What is being asked >>
Below are records; work out how many of their lines hold the string "finite" and give that number alone.

┌──

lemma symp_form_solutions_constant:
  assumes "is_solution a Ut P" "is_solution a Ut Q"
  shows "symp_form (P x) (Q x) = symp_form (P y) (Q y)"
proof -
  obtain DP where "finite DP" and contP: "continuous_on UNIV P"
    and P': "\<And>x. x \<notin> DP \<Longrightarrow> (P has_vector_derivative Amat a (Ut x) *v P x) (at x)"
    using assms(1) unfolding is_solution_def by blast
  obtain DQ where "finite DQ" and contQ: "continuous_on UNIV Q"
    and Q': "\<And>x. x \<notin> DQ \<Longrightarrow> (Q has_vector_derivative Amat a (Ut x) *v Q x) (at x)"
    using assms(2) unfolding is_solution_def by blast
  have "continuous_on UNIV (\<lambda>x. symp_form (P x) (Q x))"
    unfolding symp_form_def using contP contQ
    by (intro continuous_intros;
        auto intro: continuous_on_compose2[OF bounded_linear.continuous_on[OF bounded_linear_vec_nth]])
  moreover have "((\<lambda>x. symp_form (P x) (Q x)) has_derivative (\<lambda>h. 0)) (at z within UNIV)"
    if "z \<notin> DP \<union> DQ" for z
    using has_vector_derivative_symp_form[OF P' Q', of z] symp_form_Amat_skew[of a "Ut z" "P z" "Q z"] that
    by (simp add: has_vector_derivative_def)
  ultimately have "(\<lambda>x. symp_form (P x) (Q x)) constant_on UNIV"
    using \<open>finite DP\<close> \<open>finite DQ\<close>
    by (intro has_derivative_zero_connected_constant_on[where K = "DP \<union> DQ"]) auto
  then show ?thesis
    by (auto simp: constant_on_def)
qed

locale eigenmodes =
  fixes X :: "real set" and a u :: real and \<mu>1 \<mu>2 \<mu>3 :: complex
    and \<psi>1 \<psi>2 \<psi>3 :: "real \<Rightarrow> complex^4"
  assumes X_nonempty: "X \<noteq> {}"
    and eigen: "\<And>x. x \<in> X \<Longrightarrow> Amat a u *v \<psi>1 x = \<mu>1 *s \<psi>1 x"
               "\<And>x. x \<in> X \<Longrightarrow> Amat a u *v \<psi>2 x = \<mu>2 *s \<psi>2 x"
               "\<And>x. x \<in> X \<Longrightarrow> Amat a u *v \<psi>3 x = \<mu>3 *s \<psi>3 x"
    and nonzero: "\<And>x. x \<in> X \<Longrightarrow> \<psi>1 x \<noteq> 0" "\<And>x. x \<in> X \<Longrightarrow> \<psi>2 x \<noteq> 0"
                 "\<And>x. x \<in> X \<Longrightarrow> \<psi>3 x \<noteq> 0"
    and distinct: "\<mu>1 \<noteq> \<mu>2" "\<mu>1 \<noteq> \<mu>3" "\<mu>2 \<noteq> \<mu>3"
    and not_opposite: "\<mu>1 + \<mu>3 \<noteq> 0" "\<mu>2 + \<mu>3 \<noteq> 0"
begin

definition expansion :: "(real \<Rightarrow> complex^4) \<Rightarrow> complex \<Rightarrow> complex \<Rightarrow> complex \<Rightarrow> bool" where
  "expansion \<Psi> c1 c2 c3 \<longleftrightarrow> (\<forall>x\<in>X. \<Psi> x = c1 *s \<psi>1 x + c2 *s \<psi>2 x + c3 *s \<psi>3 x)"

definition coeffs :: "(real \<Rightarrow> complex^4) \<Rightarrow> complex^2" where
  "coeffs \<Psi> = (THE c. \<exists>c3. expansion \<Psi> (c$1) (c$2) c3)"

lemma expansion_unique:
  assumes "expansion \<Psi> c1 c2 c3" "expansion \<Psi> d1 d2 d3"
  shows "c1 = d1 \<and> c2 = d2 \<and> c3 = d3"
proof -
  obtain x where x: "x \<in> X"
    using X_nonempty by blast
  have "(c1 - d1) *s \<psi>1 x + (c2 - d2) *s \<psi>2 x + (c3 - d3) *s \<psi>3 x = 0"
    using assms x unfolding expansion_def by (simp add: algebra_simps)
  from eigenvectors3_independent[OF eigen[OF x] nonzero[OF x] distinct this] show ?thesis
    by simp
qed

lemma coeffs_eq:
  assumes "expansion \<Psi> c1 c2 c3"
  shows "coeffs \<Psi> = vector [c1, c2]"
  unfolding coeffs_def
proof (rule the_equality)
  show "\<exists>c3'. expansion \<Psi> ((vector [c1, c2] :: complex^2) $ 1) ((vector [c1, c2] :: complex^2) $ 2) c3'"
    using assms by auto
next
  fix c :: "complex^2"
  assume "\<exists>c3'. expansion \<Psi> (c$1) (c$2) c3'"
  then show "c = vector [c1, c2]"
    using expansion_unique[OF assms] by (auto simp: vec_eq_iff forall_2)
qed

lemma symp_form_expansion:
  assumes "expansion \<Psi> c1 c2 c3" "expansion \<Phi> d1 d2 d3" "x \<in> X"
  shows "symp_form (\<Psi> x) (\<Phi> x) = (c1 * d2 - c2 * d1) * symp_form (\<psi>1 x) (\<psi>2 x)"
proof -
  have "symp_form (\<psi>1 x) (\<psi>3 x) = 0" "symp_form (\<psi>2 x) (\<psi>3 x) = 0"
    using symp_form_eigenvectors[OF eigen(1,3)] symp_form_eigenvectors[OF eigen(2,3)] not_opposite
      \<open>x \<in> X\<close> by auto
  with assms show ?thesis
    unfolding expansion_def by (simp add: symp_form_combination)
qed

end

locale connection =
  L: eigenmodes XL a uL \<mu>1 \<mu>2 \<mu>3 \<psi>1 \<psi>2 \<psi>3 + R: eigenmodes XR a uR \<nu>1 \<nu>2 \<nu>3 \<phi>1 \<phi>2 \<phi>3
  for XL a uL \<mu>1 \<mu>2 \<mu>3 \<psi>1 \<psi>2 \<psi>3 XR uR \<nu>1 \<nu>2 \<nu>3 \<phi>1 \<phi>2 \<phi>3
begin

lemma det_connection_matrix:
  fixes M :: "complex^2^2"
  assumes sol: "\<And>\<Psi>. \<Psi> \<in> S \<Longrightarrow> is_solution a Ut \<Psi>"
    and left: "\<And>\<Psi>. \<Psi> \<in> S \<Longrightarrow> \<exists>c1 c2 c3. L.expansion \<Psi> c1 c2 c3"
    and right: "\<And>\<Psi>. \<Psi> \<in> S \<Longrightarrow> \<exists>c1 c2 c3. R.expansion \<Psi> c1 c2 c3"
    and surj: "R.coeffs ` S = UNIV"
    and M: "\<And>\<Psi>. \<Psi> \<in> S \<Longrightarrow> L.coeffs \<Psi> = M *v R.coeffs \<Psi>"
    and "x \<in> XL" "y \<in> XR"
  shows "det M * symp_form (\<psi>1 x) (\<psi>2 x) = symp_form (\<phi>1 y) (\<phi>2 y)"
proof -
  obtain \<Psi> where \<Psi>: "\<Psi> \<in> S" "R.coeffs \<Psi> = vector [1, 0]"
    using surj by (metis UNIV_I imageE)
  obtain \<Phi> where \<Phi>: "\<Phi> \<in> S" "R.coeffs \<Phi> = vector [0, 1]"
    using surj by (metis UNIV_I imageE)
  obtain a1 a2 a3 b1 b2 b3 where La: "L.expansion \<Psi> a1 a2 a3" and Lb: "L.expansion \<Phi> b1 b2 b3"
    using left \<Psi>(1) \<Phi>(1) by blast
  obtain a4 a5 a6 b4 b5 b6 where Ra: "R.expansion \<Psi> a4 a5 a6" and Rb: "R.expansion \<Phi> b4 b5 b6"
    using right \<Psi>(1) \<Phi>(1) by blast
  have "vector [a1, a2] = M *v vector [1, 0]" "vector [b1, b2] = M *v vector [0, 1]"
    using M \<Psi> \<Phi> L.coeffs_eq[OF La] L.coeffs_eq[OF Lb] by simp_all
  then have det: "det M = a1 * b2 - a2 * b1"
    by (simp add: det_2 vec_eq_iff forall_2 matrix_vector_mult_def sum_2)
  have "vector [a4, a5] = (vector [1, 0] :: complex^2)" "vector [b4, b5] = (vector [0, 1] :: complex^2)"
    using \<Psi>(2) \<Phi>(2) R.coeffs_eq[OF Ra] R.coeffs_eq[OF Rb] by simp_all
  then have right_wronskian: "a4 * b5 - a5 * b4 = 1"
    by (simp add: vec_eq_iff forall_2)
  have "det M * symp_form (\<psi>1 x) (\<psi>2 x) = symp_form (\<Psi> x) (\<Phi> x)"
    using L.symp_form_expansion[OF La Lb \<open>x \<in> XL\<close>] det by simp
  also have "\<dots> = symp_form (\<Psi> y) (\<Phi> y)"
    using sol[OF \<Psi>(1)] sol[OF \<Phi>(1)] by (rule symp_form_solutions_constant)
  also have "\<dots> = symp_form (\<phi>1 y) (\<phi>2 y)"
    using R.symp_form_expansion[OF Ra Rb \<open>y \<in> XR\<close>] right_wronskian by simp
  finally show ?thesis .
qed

└──

The completed task >>
3